Check dams reduce the speed of the flowing water in the rivulets on the hill slopes. The reduced speed of water gives enough time for water to infiltrate into the ground, thus increasing the ground water level in that particular area.  Check dams are an ancient technique dating all the way back to the second century A.D.

As a strategy to stabilize hill streams, the construction of check dams has a long tradition. Because the steep slope causes the flow velocity to move faster, a terraced system of multiple closely spaced check dams is ideal to reduce velocity and thereby counteract erosion.

cross section

Small Check Dam for Hill Slopes

 

Spacing.  The check dams should be spaced such that the toe of the upstream check dam is at the elevation of the downstream check dam’s crest. By doing so, the water can pond between check dams and thus slow the flow’s velocity down substantially as the water progresses downslope.

Maintenance

Check dams should be inspected after every large storm. It is important that rubble, litter, and leaves are removed from the upstream side of the dam. This is typically done when the sediment has reached a height of one-half the original height of the dam.

check dams

Completed Check Dams

Trenches and Terraces.

The previous owner, Dr Kataria, has created some terraces on the hill side.  This work needs to be completed.  An interim measure is to did dig trenches along the contours.  Utilisation of  JCBs / equivalent will be far more economical than manual labour.

Trenches and terraces capture water and allow it to soak into the ground, thus increasing the ground water level in that particular area.  Trenches should follow the contour of the ground.  They can be staggered, as convenient.  At the bottom of the slope, a continuous trench should be dug.

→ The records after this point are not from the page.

(* Let $d\ge3$, $0\le k\le d$, $P$ the ultrahyperbolic operator of index $k$ on $L^2(\mathbb{R}^d)$, and $0\le s<1$. Then \[\sup_{z\in\mathbb{C}\setminus\sigma(P)}\|\langle x\rangle^{-s}(P-z)^{-1}\langle x\rangle^{-s}\|_{B(L^2(\mathbb{R}^d))}=\infty.\]
   Context: $D_x=(2\pi i)^{-1}\nabla_x$; $P=\sum_{j=1}^kD_{x_j}^2-\sum_{j=k+1}^dD_{x_j}^2$, the Fourier multiplier by $\xi_1^2+\dots+\xi_k^2-\xi_{k+1}^2-\dots-\xi_d^2$, self-adjoint on $L^2(\mathbb{R}^d)$, with spectrum $\sigma(P)$. $\langle x\rangle=(1+|x|^2)^{1/2}$. *)

theory Defs
  imports "HOL-Analysis.Analysis"
begin

definition japan :: "real^'n \<Rightarrow> real" where
  "japan x = sqrt (1 + (norm x)^2)"

text \<open>Symbol of the ultrahyperbolic operator; K is the set of the k coordinates with sign +.\<close>
definition uh_symbol :: "'n::finite set \<Rightarrow> real^'n \<Rightarrow> real" where
  "uh_symbol K \<xi> = (\<Sum>j\<in>K. (\<xi>$j)^2) - (\<Sum>j\<in>-K. (\<xi>$j)^2)"

text \<open>Spectrum of the Fourier multiplier P (closure of the range of its continuous symbol).\<close>
definition spec_P :: "'n::finite set \<Rightarrow> complex set" where
  "spec_P K = closure (complex_of_real ` range (uh_symbol K))"

text \<open>Fourier transform with the convention D = (2 pi i)^(-1) nabla.\<close>
definition fourier :: "(real^'n \<Rightarrow> complex) \<Rightarrow> real^'n \<Rightarrow> complex" where
  "fourier f \<xi> = integral\<^sup>L lborel (\<lambda>x. f x * cis (- 2 * pi * (x \<bullet> \<xi>)))"

definition l2norm :: "(real^'n \<Rightarrow> complex) \<Rightarrow> real" where
  "l2norm f = sqrt (integral\<^sup>L lborel (\<lambda>x. (cmod (f x))^2))"

text \<open>Continuous compactly supported functions (a dense subspace of L^2).\<close>
definition Cc :: "(real^'n \<Rightarrow> complex) set" where
  "Cc = {f. continuous_on UNIV f \<and> bounded {x. f x \<noteq> 0}}"

text \<open>The sesquilinear form of <x>^(-s) (P-z)^(-1) <x>^(-s), computed via Plancherel:
  < <x>^(-s) (P-z)^(-1) <x>^(-s) f, g > .\<close>
definition wres_form ::
  "'n::finite set \<Rightarrow> real \<Rightarrow> complex \<Rightarrow> (real^'n \<Rightarrow> complex) \<Rightarrow> (real^'n \<Rightarrow> complex) \<Rightarrow> complex" where
  "wres_form K s z f g =
     integral\<^sup>L lborel (\<lambda>\<xi>.
        fourier (\<lambda>x. complex_of_real (japan x powr (-s)) * f x) \<xi>
      * cnj (fourier (\<lambda>x. complex_of_real (japan x powr (-s)) * g x) \<xi>)
      / (complex_of_real (uh_symbol K \<xi>) - z))"

text \<open>Operator norm on B(L^2) (possibly infinite), as the supremum of the form over a dense subspace.\<close>
definition wres_norm :: "'n::finite set \<Rightarrow> real \<Rightarrow> complex \<Rightarrow> ereal" where
  "wres_norm K s z =
     (SUP fg \<in> {(f, g). f \<in> Cc \<and> g \<in> Cc \<and> l2norm f > 0 \<and> l2norm g > 0}.
        ereal (cmod (wres_form K s z (fst fg) (snd fg)) / (l2norm (fst fg) * l2norm (snd fg))))"

end

(*
  Test the form on f_R = <x>^s h_R, where h_R(x) = prod_j max(0, 1 - |x_j|/R) is a tensor product
  of tent functions, at the spectral parameter z = i eps with eps = R^-2. The weights cancel, the
  Fourier transform of h_R is a tensor product Psi_R of Fejer kernels, and the imaginary part of
  the form is the integral of Psi_R^2 eps / (p^2 + eps^2), p the symbol of P. On the cube
  |xi_j| <= 1/(4R) one has Psi_R >= (R/2)^d and |p(xi)| <= |xi|^2 <= d eps, so the form is at
  least of order R^(d+2), while ||f_R||^2 is at most of order R^(d+2s). The normalised form thus
  grows like R^(2-2s), which is unbounded since s < 1.
*)
theory Submission
  imports Defs "HOL-Probability.Sinc_Integral"
begin

section \<open>Tent functions and the Fejer kernel\<close>

definition tent :: "real \<Rightarrow> real \<Rightarrow> real" where
  "tent R t = max 0 (1 - \<bar>t\<bar> / R)"

text \<open>The Fourier transform of \<^term>\<open>tent R\<close> in the normalisation of \<^const>\<open>fourier\<close>
  (the Fejer kernel).\<close>
definition fejer :: "real \<Rightarrow> real \<Rightarrow> real" where
  "fejer R a = (if a = 0 then R else (1 - cos (2 * pi * a * R)) / (2 * pi\<^sup>2 * a\<^sup>2 * R))"

lemma tent_nonneg: "0 \<le> tent R t"
  by (simp add: tent_def)

lemma tent_le_1: "R > 0 \<Longrightarrow> tent R t \<le> 1"
  by (simp add: tent_def)

lemma tent_ge_half: "R > 0 \<Longrightarrow> \<bar>t\<bar> \<le> R / 2 \<Longrightarrow> 1 / 2 \<le> tent R t"
  by (simp add: tent_def field_simps)

lemma tent_eq_0: "R > 0 \<Longrightarrow> R \<le> \<bar>t\<bar> \<Longrightarrow> tent R t = 0"
  by (simp add: tent_def)

lemma tent_right: "R > 0 \<Longrightarrow> 0 \<le> t \<Longrightarrow> t \<le> R \<Longrightarrow> tent R t = 1 - t / R"
  by (simp add: tent_def)

lemma tent_left: "R > 0 \<Longrightarrow> - R \<le> t \<Longrightarrow> t \<le> 0 \<Longrightarrow> tent R t = 1 + t / R"
  by (simp add: tent_def field_simps)

lemma continuous_on_tent: "continuous_on A (tent R)"
  unfolding tent_def divide_inverse by (intro continuous_intros)

lemma has_integral_affine:
  fixes \<alpha> \<beta> :: real
  assumes "a \<le> b"
  shows "((\<lambda>t. complex_of_real (\<alpha> + \<beta> * t)) has_integral
           of_real ((\<alpha> * b + \<beta> * b\<^sup>2 / 2) - (\<alpha> * a + \<beta> * a\<^sup>2 / 2))) {a..b}"
proof -
  have "((\<lambda>t. \<alpha> * t + \<beta> * t\<^sup>2 / 2) has_real_derivative \<alpha> + \<beta> * t) (at t within {a..b})" for t
    by (auto intro!: derivative_eq_intros)
  from fundamental_theorem_of_calculus[OF assms has_vector_derivative_of_real[OF this]]
  show ?thesis unfolding of_real_diff .
qed

lemma has_integral_affine_mult_exp:
  fixes \<alpha> \<beta> \<kappa> :: complex
  assumes "\<kappa> \<noteq> 0" and "a \<le> b"
  defines "F \<equiv> \<lambda>t::real. ((\<alpha> + \<beta> * of_real t) / \<kappa> - \<beta> / \<kappa>\<^sup>2) * exp (\<kappa> * of_real t)"
  shows "((\<lambda>t. (\<alpha> + \<beta> * of_real t) * exp (\<kappa> * of_real t)) has_integral F b - F a) {a..b}"
proof (rule fundamental_theorem_of_calculus[OF \<open>a \<le> b\<close>])
  fix t :: real
  have "((\<lambda>w. ((\<alpha> + \<beta> * w) / \<kappa> - \<beta> / \<kappa>\<^sup>2) * exp (\<kappa> * w)) has_field_derivative
          (\<alpha> + \<beta> * t) * exp (\<kappa> * t)) (at (of_real t))"
    using \<open>\<kappa> \<noteq> 0\<close> by (auto intro!: derivative_eq_intros simp: field_simps power2_eq_square)
  then show "(F has_vector_derivative (\<alpha> + \<beta> * t) * exp (\<kappa> * t)) (at t within {a..b})"
    unfolding F_def by (rule has_vector_derivative_real_field)
qed

lemma has_integral_tent:
  assumes R: "R > 0"
  shows "((\<lambda>t. complex_of_real (tent R t)) has_integral of_real R) {-R..R}"
proof -
  have right: "((\<lambda>t. complex_of_real (tent R t)) has_integral of_real (R / 2)) {0..R}"
  proof (rule has_integral_eq_rhs[OF has_integral_eq[OF _ has_integral_affine[of 0 R 1 "- 1 / R"]]])
    show "of_real (1 + - 1 / R * t) = of_real (tent R t)" if "t \<in> {0..R}" for t
      using that R by (simp add: tent_right)
  qed (use R in \<open>simp_all add: power2_eq_square\<close>)
  have left: "((\<lambda>t. complex_of_real (tent R t)) has_integral of_real (R / 2)) {-R..0}"
  proof (rule has_integral_eq_rhs[OF has_integral_eq[OF _ has_integral_affine[of "-R" 0 1 "1 / R"]]])
    show "of_real (1 + 1 / R * t) = of_real (tent R t)" if "t \<in> {-R..0}" for t
      using that R by (simp add: tent_left)
  qed (use R in \<open>simp_all add: power2_eq_square\<close>)
  have "((\<lambda>t. complex_of_real (tent R t)) has_integral of_real (R / 2) + of_real (R / 2)) {-R..R}"
    by (rule has_integral_combine[OF _ _ left right]) (use R in auto)
  then show ?thesis
    by simp
qed

lemma has_integral_tent_mult_exp:
  fixes \<kappa> :: complex
  assumes R: "R > 0" and \<kappa>: "\<kappa> \<noteq> 0"
  shows "((\<lambda>t. tent R t * exp (\<kappa> * t)) has_integral
           (exp (\<kappa> * R) + exp (- \<kappa> * R) - 2) / (R * \<kappa>\<^sup>2)) {-R..R}"
proof -
  have right: "((\<lambda>t. tent R t * exp (\<kappa> * t)) has_integral
           exp (\<kappa> * R) / (R * \<kappa>\<^sup>2) - (1 / \<kappa> + 1 / (R * \<kappa>\<^sup>2))) {0..R}"
  proof (rule has_integral_eq_rhs[OF has_integral_eq[OF _ has_integral_affine_mult_exp[of \<kappa> 0 R 1 "- 1 / R"]]])
    show "(1 + of_real (- 1 / R) * t) * exp (\<kappa> * t) = of_real (tent R t) * exp (\<kappa> * t)"
      if "t \<in> {0..R}" for t
      using that R by (simp add: tent_right)
  qed (use R \<kappa> in \<open>simp_all add: divide_simps\<close>)
  have left: "((\<lambda>t. tent R t * exp (\<kappa> * t)) has_integral
           (1 / \<kappa> - 1 / (R * \<kappa>\<^sup>2)) + exp (- \<kappa> * R) / (R * \<kappa>\<^sup>2)) {-R..0}"
  proof (rule has_integral_eq_rhs[OF has_integral_eq[OF _ has_integral_affine_mult_exp[of \<kappa> "-R" 0 1 "1 / R"]]])
    show "(1 + of_real (1 / R) * t) * exp (\<kappa> * t) = of_real (tent R t) * exp (\<kappa> * t)"
      if "t \<in> {-R..0}" for t
      using that R by (simp add: tent_left)
  qed (use R \<kappa> in \<open>simp_all add: divide_simps\<close>)
  have "((\<lambda>t. tent R t * exp (\<kappa> * t)) has_integral
      (1 / \<kappa> - 1 / (R * \<kappa>\<^sup>2)) + exp (- \<kappa> * R) / (R * \<kappa>\<^sup>2)
      + (exp (\<kappa> * R) / (R * \<kappa>\<^sup>2) - (1 / \<kappa> + 1 / (R * \<kappa>\<^sup>2)))) {-R..R}"
    by (rule has_integral_combine[OF _ _ left right]) (use R in auto)
  moreover have "(1 / \<kappa> - 1 / (R * \<kappa>\<^sup>2)) + exp (- \<kappa> * R) / (R * \<kappa>\<^sup>2)
      + (exp (\<kappa> * R) / (R * \<kappa>\<^sup>2) - (1 / \<kappa> + 1 / (R * \<kappa>\<^sup>2)))
      = (exp (\<kappa> * R) + exp (- \<kappa> * R) - 2) / (R * \<kappa>\<^sup>2)"
    by (simp add: diff_divide_distrib add_divide_distrib)
  ultimately show ?thesis
    by simp
qed

lemma has_integral_tent_fourier:
  assumes R: "R > 0"
  shows "((\<lambda>t. tent R t * cis (- 2 * pi * (t * a))) has_integral fejer R a) UNIV"
proof -
  have "((\<lambda>t. tent R t * cis (- 2 * pi * (t * a))) has_integral fejer R a) {-R..R}"
  proof (cases "a = 0")
    case True
    then show ?thesis
      using has_integral_tent[OF R] by (simp add: fejer_def)
  next
    case False
    define \<kappa> where "\<kappa> = - of_real (2 * pi * a) * \<i>"
    define c where "c = cos (2 * pi * a * R)"
    have "\<kappa> \<noteq> 0"
      using False by (simp add: \<kappa>_def)
    have cis_eq: "cis (- 2 * pi * (t * a)) = exp (\<kappa> * t)" for t
      by (simp add: cis_conv_exp \<kappa>_def algebra_simps)
    have "\<kappa> * R = - (\<i> * of_real (2 * pi * a * R))"
      by (simp add: \<kappa>_def)
    then have "exp (\<kappa> * R) + exp (- \<kappa> * R) = 2 * cos (of_real (2 * pi * a * R))"
      by (simp only: cos_exp_eq mult_minus_left minus_minus add.commute) simp
    then have exp_sum: "exp (\<kappa> * R) + exp (- \<kappa> * R) = 2 * of_real c"
      by (simp only: c_def cos_of_real)
    have \<kappa>_sq: "\<kappa>\<^sup>2 = - of_real (4 * pi\<^sup>2 * a\<^sup>2)"
      by (simp add: \<kappa>_def power_mult_distrib)
    have fejer_eq: "(2 * c - 2) / (R * - (4 * pi\<^sup>2 * a\<^sup>2)) = fejer R a"
      using False R by (simp add: fejer_def c_def field_simps)
    have "(exp (\<kappa> * R) + exp (- \<kappa> * R) - 2) / (R * \<kappa>\<^sup>2) = (2 * of_real c - 2) / (R * \<kappa>\<^sup>2)"
      by (simp only: exp_sum)
    also have "\<dots> = of_real ((2 * c - 2) / (R * - (4 * pi\<^sup>2 * a\<^sup>2)))"
      unfolding \<kappa>_sq by simp
    also have "\<dots> = of_real (fejer R a)"
      by (simp only: fejer_eq)
    finally show ?thesis
      using has_integral_tent_mult_exp[OF R \<open>\<kappa> \<noteq> 0\<close>] unfolding cis_eq by simp
  qed
  then show ?thesis
    by (rule has_integral_on_superset) (use R in \<open>auto simp: tent_eq_0\<close>)
qed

What to Plant on the Hill Slopes ?

Grasses

The existing grass is obviously adapted to the climate and soil.  It may be left alone and it will thrive when the water retention improves.  More the growth of grass, greater the formation of topsoil.

Vetiver Grass

Vetiver grass is a native of India that has gone international. 

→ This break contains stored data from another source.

theorem mainTheorem14:
  fixes alpha :: "nat list" and c :: "nat list \<Rightarrow> real"
  assumes "alpha \<noteq> []" and "\<forall>p\<in>set alpha. 0 < p"
    and "is_p_expansion alpha c"
  shows "(\<Sum>lam\<in>odd_partitions (sum_list alpha). c lam) = 2
    \<and> (odd (sum_list alpha) \<longrightarrow>
         c [sum_list alpha] = (-1) ^ (length alpha + 1) * 2 / real (sum_list alpha))
    \<and> (alpha ! 0 = 1 \<and> alpha ! (length alpha - 1) > 1 \<longrightarrow>
         (\<Sum>lam\<in>odd_partitions (sum_list alpha). real (count_list lam 1) * c lam)
           = 8 * real (ribbon_corners alpha))
    \<and> (alpha ! 0 = 1 \<and> alpha ! (length alpha - 1) = 1 \<and> sum_list alpha \<ge> 2 \<longrightarrow>
         (\<Sum>lam\<in>odd_partitions (sum_list alpha). real (count_list lam 1) * c lam)
           = 8 * real (ribbon_corners alpha) - 4)"
proof -
  have ends: "alpha ! 0 = hd alpha" "alpha ! (length alpha - 1) = last alpha"
    using assms(1) by (simp_all add: hd_conv_nth last_conv_nth)
  have long: "2 \<le> length alpha" if "hd alpha = 1" "last alpha \<noteq> 1 \<or> 2 \<le> sum_list alpha"
    using that assms(1) by (cases alpha rule: remdups_adj.cases) auto
  show ?thesis
    unfolding ends
    using p_expansion_coeff_sum[OF assms] p_expansion_single_part_coeff[OF assms]
      p_expansion_count_ones[OF assms] long
    by (auto simp: ones_low_end_def ones_high_end_def)
qed

end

See http://vetiver.org and https://en.wikipedia.org/wiki/Chrysopogon_zizanioides

root system

Vetiver grows under extreme and wide range of conditions:

•  Long Living Perennial Grass

•  Temperatures: -12 o C to >55o C

•  Soil pH from <3 to >10

•  Annual Rainfall <300 mm to > 5,000 mm

•  Tolerant to all heavy metals

•  Saline tolerant

•  Fire tolerant

•  Few Pests and diseases

•  Powerful (75 Mpa root strength) and deep root system

•  Non competitive and non invasive

 mosquito

Vetiver rows on steep hillside 

The reason Vetiver works so well for erosion control is it produces a massive root system that grows straight down rather than out from the plant. It creates a curtain beneath the soil, trapping sediment and slowing down the movement of water. Because the grass grows down instead of outward, it does not become invasive. 

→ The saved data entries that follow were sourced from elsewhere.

text \<open>n-qubit computational basis states: bit strings x with x i = False for i \<ge> n.
  Operators are given by their matrix entries  <x|A|y>, vectors by their coordinates.\<close>
type_synonym qop = "(nat \<Rightarrow> bool) \<Rightarrow> (nat \<Rightarrow> bool) \<Rightarrow> complex"
type_synonym qvec = "(nat \<Rightarrow> bool) \<Rightarrow> complex"

definition basis :: "nat \<Rightarrow> (nat \<Rightarrow> bool) set" where
  "basis n = {x. \<forall>i\<ge>n. \<not> x i}"

definition op_mult :: "nat \<Rightarrow> qop \<Rightarrow> qop \<Rightarrow> qop" where
  "op_mult n A B = (\<lambda>x y. \<Sum>z\<in>basis n. A x z * B z y)"

definition op_id :: qop where
  "op_id = (\<lambda>x y. if x = y then 1 else 0)"

definition pauli_string :: "nat \<Rightarrow> (nat \<Rightarrow> pauli) \<Rightarrow> bool" where
  "pauli_string n p \<longleftrightarrow> (\<forall>i\<ge>n. p i = PI)"

definition pauli_op :: "nat \<Rightarrow> (nat \<Rightarrow> pauli) \<Rightarrow> qop" where
  "pauli_op n p = (\<lambda>x y. \<Prod>i<n. pmat (p i) (x i) (y i))"

definition supp :: "nat \<Rightarrow> (nat \<Rightarrow> pauli) \<Rightarrow> nat set" where
  "supp n p = {i. i < n \<and> p i \<noteq> PI}"

definition wt :: "nat \<Rightarrow> (nat \<Rightarrow> pauli) \<Rightarrow> nat" where
  "wt n p = card (supp n p)"

text \<open>Conjugation by the qubit permutation P_sigma:  <x| P_sigma^dagger A P_sigma |y> = <x o sigma|A|y o sigma>.\<close>
definition perm_conj :: "(nat \<Rightarrow> nat) \<Rightarrow> qop \<Rightarrow> qop" where
  "perm_conj \<sigma> A = (\<lambda>x y. A (x \<circ> \<sigma>) (y \<circ> \<sigma>))"

definition Sym :: "nat \<Rightarrow> qop \<Rightarrow> qop" where
  "Sym n A = (\<lambda>x y. (1 / of_nat (fact n)) *
      (\<Sum>\<sigma>\<in>{\<sigma>. \<sigma> permutes {..<n}}. perm_conj \<sigma> A x y))"

definition single :: "(nat \<Rightarrow> pauli) \<Rightarrow> nat \<Rightarrow> (nat \<Rightarrow> pauli)" where
  "single p i = (\<lambda>j. if j = i then p i else PI)"

text \<open>Sph(E) = Sym(E_1) ... Sym(E_w), the factors E_j ordered by increasing qubit position.\<close>
definition Sph :: "nat \<Rightarrow> (nat \<Rightarrow> pauli) \<Rightarrow> qop" where
  "Sph n p = foldr (\<lambda>i acc. op_mult n (Sym n (pauli_op n (single p i))) acc)
                   (sorted_list_of_set (supp n p)) op_id"

definition inner :: "nat \<Rightarrow> qvec \<Rightarrow> qvec \<Rightarrow> complex" where
  "inner n \<phi> \<psi> = (\<Sum>x\<in>basis n. cnj (\<phi> x) * \<psi> x)"

definition braket :: "nat \<Rightarrow> qvec \<Rightarrow> qop \<Rightarrow> qvec \<Rightarrow> complex" where
  "braket n \<phi> A \<psi> = (\<Sum>x\<in>basis n. \<Sum>y\<in>basis n. cnj (\<phi> x) * A x y * \<psi> y)"

definition is_code :: "nat \<Rightarrow> qvec set \<Rightarrow> bool" where
  "is_code n C \<longleftrightarrow> (\<lambda>_. 0) \<in> C
     \<and> (\<forall>\<phi>\<in>C. \<forall>\<psi>\<in>C. (\<lambda>x. \<phi> x + \<psi> x) \<in> C)
     \<and> (\<forall>c. \<forall>\<phi>\<in>C. (\<lambda>x. c * \<phi> x) \<in> C)
     \<and> (\<forall>\<phi>\<in>C. \<forall>x. x \<notin> basis n \<longrightarrow> \<phi> x = 0)"

definition KL :: "nat \<Rightarrow> qvec set \<Rightarrow> qop \<Rightarrow> bool" where
  "KL n C A \<longleftrightarrow> (\<exists>c. \<forall>\<phi>\<in>C. \<forall>\<psi>\<in>C. braket n \<phi> A \<psi> = c * inner n \<phi> \<psi>)"

end

theory Submission
  imports Defs
begin

text \<open>
  By permutation invariance, Sym(A) Sym(B) = Sym(A Sym(B)); with A = E_1 and B = E_2 ... E_w this
  is the average over qubit permutations \<sigma> of Sym(E_1 \<sigma>(B)). When \<sigma>(B) is trivial on the
  qubit of E_1, the product E_1 \<sigma>(B) is a qubit permutation of E and contributes Sym(E); otherwise it
  has weight at most wt(B) < wt(E). Inductively, Sph(E) is therefore a nonzero multiple of Sym(E) plus
  a linear combination of Sym(F) with wt(F) < wt(E). As the Knill-Laflamme conditions are preserved
  by linear combinations, induction on the weight transfers them from Sph to Sym.
\<close>

section \<open>Products of Pauli operators\<close>

fun pauli_prod :: "pauli \<Rightarrow> pauli \<Rightarrow> pauli" where
  "pauli_prod PI q = q"
| "pauli_prod p PI = p"
| "pauli_prod PX PX = PI" | "pauli_prod PY PY = PI" | "pauli_prod PZ PZ = PI"
| "pauli_prod PX PY = PZ" | "pauli_prod PY PX = PZ"
| "pauli_prod PY PZ = PX" | "pauli_prod PZ PY = PX"
| "pauli_prod PZ PX = PY" | "pauli_prod PX PZ = PY"

fun pauli_phase :: "pauli \<Rightarrow> pauli \<Rightarrow> complex" where
  "pauli_phase PX PY = \<i>" | "pauli_phase PY PX = - \<i>"
| "pauli_phase PY PZ = \<i>" | "pauli_phase PZ PY = - \<i>"
| "pauli_phase PZ PX = \<i>" | "pauli_phase PX PZ = - \<i>"
| "pauli_phase _ _ = 1"

lemma pauli_phase_PI [simp]: "pauli_phase PI q = 1" "pauli_phase p PI = 1"
  by (cases q; simp) (cases p; simp)

lemma pauli_prod_PI_right [simp]: "pauli_prod p PI = p"
  by (cases p) auto

lemma pmat_mult:
  "pmat p a False * pmat q False c + pmat p a True * pmat q True c
     = pauli_phase p q * pmat (pauli_prod p q) a c"
  by (cases p; cases q; cases a; cases c) auto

Lemon Grass and Citronella

These are aromatic grasses that will help to stabilize the soil and retain water.  They will reduce the population of mosquitos and other insects.  They yield aromatic oils when distilled.

Bamboo

While second to Vetiver in terms of erosion controls, it is more readily available.  Unlike Vetiver, it forms clumps and keeps spreading.  In the early stages, this is a good characteristic.  But, in the long term, it can be a nuisance.  The answer is to periodically cull the plants and sell them.  Bamboo is in great demand.

bamboo champ

 

Bamboo Clump 

If bamboo is planted just before the monsoon, it will establish itself during the rainy season.  Hence, no further care or watering will be required.  The first priority should be given to planting of bamboo on the hill slopes.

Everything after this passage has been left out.